Problem to solve
Keep every line of the data below that has the string "which" and present those lines.

Stored items
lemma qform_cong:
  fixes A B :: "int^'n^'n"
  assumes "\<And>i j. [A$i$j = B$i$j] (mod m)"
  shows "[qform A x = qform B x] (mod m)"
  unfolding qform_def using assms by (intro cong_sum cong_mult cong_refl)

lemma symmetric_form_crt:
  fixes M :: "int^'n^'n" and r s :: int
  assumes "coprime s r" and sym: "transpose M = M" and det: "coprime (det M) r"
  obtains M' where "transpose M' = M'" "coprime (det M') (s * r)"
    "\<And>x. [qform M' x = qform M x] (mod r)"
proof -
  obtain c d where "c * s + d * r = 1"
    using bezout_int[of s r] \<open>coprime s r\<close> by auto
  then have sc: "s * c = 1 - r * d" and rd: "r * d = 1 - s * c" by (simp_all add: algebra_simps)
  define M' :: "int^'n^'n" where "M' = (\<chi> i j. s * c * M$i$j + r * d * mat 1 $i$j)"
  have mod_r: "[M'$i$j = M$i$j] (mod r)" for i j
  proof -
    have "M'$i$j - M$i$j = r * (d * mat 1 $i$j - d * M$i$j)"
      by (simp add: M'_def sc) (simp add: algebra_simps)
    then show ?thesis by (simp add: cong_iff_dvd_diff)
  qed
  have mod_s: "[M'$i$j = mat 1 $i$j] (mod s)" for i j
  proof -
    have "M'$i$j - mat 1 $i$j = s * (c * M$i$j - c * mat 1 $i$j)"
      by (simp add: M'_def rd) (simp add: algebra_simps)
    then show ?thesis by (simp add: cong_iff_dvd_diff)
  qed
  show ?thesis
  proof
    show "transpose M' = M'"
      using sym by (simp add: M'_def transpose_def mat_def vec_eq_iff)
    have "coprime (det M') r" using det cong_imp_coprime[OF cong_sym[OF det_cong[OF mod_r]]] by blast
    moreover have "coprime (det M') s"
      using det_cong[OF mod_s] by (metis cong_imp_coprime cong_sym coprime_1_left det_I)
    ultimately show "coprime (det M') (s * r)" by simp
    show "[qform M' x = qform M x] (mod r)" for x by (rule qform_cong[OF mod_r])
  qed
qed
---
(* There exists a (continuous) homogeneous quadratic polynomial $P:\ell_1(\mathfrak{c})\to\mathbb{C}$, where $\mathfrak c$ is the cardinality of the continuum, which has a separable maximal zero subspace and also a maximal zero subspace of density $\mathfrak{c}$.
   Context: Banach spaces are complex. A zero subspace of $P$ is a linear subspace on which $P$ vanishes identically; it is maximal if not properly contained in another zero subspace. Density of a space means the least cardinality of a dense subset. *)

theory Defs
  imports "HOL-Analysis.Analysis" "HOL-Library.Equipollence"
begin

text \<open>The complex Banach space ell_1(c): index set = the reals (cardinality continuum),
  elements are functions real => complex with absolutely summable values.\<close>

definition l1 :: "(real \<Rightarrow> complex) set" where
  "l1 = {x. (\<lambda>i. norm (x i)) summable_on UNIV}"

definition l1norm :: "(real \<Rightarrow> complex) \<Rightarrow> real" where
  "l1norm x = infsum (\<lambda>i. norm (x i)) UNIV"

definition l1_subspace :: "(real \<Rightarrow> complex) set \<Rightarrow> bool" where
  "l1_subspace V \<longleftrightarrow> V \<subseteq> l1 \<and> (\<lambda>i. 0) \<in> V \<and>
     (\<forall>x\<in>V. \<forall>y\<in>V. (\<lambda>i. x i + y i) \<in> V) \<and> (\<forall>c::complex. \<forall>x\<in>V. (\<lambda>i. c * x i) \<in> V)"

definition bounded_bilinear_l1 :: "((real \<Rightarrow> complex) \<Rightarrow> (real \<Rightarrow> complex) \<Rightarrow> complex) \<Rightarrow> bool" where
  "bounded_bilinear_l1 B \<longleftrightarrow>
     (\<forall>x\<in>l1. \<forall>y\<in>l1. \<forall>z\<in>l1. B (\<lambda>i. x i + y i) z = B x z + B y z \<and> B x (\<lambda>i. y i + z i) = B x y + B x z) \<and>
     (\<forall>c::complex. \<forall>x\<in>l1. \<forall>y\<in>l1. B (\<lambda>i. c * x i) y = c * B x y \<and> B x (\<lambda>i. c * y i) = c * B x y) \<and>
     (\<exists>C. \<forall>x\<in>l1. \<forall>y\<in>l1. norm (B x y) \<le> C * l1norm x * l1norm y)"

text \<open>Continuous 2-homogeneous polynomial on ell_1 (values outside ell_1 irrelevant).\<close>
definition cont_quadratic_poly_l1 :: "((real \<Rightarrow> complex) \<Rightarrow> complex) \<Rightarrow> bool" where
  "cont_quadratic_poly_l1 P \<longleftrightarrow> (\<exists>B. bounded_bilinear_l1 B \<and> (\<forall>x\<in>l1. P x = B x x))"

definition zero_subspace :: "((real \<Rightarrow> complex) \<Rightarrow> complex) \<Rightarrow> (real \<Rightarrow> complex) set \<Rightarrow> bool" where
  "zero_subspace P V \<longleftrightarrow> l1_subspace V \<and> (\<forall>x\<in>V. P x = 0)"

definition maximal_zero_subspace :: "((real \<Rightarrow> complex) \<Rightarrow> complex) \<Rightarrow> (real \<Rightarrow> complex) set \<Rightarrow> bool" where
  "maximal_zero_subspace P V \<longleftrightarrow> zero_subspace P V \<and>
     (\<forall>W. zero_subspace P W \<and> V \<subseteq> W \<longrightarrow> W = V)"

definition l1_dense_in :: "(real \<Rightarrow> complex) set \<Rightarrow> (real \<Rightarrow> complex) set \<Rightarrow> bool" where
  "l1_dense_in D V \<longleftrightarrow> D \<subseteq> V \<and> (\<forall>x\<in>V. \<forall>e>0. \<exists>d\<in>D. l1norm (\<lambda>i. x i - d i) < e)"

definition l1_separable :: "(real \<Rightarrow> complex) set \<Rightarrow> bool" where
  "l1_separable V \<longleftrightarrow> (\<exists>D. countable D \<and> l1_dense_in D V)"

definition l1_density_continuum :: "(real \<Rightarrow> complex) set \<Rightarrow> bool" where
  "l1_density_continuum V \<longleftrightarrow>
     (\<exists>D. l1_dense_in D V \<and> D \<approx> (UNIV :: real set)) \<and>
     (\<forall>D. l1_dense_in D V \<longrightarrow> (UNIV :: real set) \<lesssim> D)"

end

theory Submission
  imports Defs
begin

Response to this exercise
(* There exists a (continuous) homogeneous quadratic polynomial $P:\ell_1(\mathfrak{c})\to\mathbb{C}$, where $\mathfrak c$ is the cardinality of the continuum, which has a separable maximal zero subspace and also a maximal zero subspace of density $\mathfrak{c}$.
   Context: Banach spaces are complex. A zero subspace of $P$ is a linear subspace on which $P$ vanishes identically; it is maximal if not properly contained in another zero subspace. Density of a space means the least cardinality of a dense subset. *)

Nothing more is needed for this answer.